Stored items
------------------------------------------------------------------------
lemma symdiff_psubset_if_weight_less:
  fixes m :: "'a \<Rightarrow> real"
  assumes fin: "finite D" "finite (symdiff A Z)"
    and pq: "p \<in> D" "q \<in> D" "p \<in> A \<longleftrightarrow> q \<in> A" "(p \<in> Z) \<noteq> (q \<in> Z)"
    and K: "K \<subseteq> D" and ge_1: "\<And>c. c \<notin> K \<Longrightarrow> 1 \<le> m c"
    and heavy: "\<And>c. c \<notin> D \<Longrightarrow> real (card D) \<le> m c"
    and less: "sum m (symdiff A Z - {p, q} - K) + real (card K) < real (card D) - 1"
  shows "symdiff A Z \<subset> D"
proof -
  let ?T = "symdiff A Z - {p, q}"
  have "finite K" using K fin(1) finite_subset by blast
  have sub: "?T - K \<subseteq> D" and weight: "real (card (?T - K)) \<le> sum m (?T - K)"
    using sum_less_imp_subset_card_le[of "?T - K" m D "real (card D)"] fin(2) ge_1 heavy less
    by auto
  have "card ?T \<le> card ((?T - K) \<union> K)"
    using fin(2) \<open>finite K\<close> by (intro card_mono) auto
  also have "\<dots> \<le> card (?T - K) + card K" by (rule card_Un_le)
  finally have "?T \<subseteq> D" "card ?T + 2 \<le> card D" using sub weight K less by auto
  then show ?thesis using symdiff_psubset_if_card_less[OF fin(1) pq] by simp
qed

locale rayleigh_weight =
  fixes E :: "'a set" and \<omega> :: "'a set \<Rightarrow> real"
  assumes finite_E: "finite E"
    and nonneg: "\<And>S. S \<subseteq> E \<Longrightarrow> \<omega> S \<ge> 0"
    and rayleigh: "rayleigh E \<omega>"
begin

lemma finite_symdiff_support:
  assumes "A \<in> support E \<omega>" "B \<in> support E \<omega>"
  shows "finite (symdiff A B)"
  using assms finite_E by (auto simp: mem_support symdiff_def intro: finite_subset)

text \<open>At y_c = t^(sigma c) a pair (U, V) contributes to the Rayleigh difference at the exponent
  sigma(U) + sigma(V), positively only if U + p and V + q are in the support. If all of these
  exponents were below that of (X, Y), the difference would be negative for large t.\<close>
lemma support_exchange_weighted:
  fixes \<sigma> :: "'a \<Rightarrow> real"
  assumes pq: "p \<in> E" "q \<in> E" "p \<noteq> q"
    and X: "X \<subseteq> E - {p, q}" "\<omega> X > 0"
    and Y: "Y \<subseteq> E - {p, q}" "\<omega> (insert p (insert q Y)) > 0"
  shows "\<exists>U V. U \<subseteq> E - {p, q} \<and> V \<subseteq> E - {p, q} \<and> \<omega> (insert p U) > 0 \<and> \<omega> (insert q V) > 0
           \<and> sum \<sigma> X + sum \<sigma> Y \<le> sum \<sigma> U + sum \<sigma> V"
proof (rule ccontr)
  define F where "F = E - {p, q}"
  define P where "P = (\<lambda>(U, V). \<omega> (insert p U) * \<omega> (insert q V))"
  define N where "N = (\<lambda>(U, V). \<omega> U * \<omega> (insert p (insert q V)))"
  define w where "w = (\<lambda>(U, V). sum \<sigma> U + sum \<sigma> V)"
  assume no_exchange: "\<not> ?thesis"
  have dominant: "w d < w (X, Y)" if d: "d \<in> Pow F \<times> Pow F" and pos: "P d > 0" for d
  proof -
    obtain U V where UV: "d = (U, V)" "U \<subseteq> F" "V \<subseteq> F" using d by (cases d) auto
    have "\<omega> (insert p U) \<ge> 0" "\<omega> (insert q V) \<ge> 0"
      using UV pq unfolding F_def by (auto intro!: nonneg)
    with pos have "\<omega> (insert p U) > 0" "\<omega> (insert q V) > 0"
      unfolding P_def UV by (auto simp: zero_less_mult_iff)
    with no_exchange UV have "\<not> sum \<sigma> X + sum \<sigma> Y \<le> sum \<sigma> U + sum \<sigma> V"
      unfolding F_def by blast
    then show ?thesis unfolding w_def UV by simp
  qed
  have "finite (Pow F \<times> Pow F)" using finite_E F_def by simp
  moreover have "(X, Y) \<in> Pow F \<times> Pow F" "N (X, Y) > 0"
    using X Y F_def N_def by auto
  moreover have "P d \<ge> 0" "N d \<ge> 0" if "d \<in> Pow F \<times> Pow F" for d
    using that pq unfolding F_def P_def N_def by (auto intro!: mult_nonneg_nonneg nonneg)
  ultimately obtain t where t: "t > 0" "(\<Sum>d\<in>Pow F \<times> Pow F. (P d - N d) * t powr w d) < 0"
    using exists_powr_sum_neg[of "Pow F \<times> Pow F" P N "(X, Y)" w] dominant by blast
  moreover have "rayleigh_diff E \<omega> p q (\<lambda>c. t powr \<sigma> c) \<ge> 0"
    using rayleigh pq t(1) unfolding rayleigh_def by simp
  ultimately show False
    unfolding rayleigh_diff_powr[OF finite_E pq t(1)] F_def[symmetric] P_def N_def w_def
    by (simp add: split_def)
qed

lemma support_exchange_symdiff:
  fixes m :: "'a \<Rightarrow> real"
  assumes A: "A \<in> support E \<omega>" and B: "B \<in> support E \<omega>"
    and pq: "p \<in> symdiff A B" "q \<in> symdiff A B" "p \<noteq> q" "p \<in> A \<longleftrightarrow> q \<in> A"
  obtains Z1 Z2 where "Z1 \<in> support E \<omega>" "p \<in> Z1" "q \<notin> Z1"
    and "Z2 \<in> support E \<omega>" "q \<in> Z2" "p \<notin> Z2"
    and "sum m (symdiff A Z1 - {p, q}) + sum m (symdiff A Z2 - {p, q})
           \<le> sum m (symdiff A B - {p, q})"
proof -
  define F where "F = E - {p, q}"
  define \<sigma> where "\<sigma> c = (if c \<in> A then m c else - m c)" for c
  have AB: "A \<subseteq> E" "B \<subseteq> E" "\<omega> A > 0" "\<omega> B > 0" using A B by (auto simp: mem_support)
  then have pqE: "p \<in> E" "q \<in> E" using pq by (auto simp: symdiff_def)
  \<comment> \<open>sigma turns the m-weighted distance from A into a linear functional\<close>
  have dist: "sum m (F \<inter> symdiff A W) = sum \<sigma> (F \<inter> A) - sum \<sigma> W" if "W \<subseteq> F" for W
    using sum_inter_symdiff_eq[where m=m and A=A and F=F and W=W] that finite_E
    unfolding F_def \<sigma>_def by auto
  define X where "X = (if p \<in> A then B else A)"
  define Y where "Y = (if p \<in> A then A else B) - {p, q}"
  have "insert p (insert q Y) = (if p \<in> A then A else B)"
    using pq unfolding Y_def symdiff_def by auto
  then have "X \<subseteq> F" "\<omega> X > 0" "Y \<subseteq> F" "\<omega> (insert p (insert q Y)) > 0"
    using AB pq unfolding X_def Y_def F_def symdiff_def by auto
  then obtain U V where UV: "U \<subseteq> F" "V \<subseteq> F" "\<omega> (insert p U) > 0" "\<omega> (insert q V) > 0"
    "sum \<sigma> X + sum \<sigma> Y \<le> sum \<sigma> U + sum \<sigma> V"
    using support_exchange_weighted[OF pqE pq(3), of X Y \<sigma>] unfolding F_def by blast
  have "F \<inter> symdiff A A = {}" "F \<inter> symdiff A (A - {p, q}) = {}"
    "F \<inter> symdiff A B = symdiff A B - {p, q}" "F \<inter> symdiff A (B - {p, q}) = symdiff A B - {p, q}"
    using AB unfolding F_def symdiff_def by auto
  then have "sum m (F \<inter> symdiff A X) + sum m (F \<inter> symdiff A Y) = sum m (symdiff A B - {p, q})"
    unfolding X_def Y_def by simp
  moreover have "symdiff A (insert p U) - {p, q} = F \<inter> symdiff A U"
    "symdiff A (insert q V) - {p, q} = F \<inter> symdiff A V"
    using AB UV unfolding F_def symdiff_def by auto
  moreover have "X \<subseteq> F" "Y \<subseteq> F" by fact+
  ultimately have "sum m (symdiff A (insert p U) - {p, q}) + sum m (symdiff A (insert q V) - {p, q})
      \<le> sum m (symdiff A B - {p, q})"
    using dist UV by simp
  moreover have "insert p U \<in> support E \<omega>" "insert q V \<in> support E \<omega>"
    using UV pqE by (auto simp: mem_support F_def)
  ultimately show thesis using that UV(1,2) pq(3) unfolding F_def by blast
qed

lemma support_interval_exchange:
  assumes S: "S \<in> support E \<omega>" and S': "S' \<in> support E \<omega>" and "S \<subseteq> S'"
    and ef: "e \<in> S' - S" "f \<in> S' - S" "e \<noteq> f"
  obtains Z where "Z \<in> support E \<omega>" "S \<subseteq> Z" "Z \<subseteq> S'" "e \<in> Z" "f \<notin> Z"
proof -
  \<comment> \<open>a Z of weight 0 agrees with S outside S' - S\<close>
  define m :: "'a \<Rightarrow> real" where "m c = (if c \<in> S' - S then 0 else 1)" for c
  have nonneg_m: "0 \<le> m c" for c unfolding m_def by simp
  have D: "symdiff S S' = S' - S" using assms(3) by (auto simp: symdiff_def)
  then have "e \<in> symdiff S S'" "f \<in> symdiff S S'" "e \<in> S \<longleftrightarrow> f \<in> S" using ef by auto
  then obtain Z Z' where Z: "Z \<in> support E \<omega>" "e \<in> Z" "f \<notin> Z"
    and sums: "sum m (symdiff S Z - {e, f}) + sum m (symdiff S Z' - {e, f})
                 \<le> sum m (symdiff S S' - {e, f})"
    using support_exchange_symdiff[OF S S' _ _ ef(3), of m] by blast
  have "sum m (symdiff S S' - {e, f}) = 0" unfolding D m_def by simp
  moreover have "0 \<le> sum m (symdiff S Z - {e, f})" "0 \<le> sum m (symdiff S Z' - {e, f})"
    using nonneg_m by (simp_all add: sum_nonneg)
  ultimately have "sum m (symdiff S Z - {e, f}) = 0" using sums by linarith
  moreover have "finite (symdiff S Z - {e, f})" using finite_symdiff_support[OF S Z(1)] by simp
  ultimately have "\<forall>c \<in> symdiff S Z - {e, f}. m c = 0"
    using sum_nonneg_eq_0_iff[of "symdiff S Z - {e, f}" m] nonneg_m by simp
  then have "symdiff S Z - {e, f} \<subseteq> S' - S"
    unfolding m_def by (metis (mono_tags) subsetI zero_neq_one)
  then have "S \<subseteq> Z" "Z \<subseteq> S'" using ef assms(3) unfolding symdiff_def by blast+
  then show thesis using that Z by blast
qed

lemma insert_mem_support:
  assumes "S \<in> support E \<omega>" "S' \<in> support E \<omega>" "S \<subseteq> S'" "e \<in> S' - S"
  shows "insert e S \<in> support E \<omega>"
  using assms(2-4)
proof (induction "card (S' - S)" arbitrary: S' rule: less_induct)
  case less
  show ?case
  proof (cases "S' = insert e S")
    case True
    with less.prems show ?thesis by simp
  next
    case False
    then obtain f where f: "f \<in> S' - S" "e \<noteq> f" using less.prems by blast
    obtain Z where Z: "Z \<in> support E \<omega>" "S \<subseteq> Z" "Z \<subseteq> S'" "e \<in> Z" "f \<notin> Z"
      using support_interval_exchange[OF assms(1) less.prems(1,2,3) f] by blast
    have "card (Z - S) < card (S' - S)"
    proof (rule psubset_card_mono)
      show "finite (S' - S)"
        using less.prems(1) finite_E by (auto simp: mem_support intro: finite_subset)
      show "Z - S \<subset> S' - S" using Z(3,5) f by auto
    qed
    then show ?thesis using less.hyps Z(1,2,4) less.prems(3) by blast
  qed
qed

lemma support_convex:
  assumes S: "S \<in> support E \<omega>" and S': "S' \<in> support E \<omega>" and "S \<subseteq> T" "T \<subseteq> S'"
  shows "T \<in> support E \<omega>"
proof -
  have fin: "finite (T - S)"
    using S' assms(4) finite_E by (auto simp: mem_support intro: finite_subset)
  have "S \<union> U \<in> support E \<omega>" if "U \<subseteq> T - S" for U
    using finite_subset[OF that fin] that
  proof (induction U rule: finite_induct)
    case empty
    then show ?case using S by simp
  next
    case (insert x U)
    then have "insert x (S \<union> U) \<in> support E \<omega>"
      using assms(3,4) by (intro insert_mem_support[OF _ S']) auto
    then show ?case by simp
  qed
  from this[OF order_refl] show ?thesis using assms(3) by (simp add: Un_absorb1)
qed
------------------------------------------------------------------------
> _Task statement_
Word for word, restate the lines of the data above that fall between the line holding "(symdiff A Z1" and the line holding "symdiff A W)", inclusive, and no other lines.

> _Your solution_
    and "sum m (symdiff A Z1 - {p, q}) + sum m (symdiff A Z2 - {p, q})
           \<le> sum m (symdiff A B - {p, q})"
proof -
  define F where "F = E - {p, q}"
  define \<sigma> where "\<sigma> c = (if c \<in> A then m c else - m c)" for c
  have AB: "A \<subseteq> E" "B \<subseteq> E" "\<omega> A > 0" "\<omega> B > 0" using A B by (auto simp: mem_support)
  then have pqE: "p \<in> E" "q \<in> E" using pq by (auto simp: symdiff_def)
  \<comment> \<open>sigma turns the m-weighted distance from A into a linear functional\<close>
  have dist: "sum m (F \<inter> symdiff A W) = sum \<sigma> (F \<inter> A) - sum \<sigma> W" if "W \<subseteq> F" for W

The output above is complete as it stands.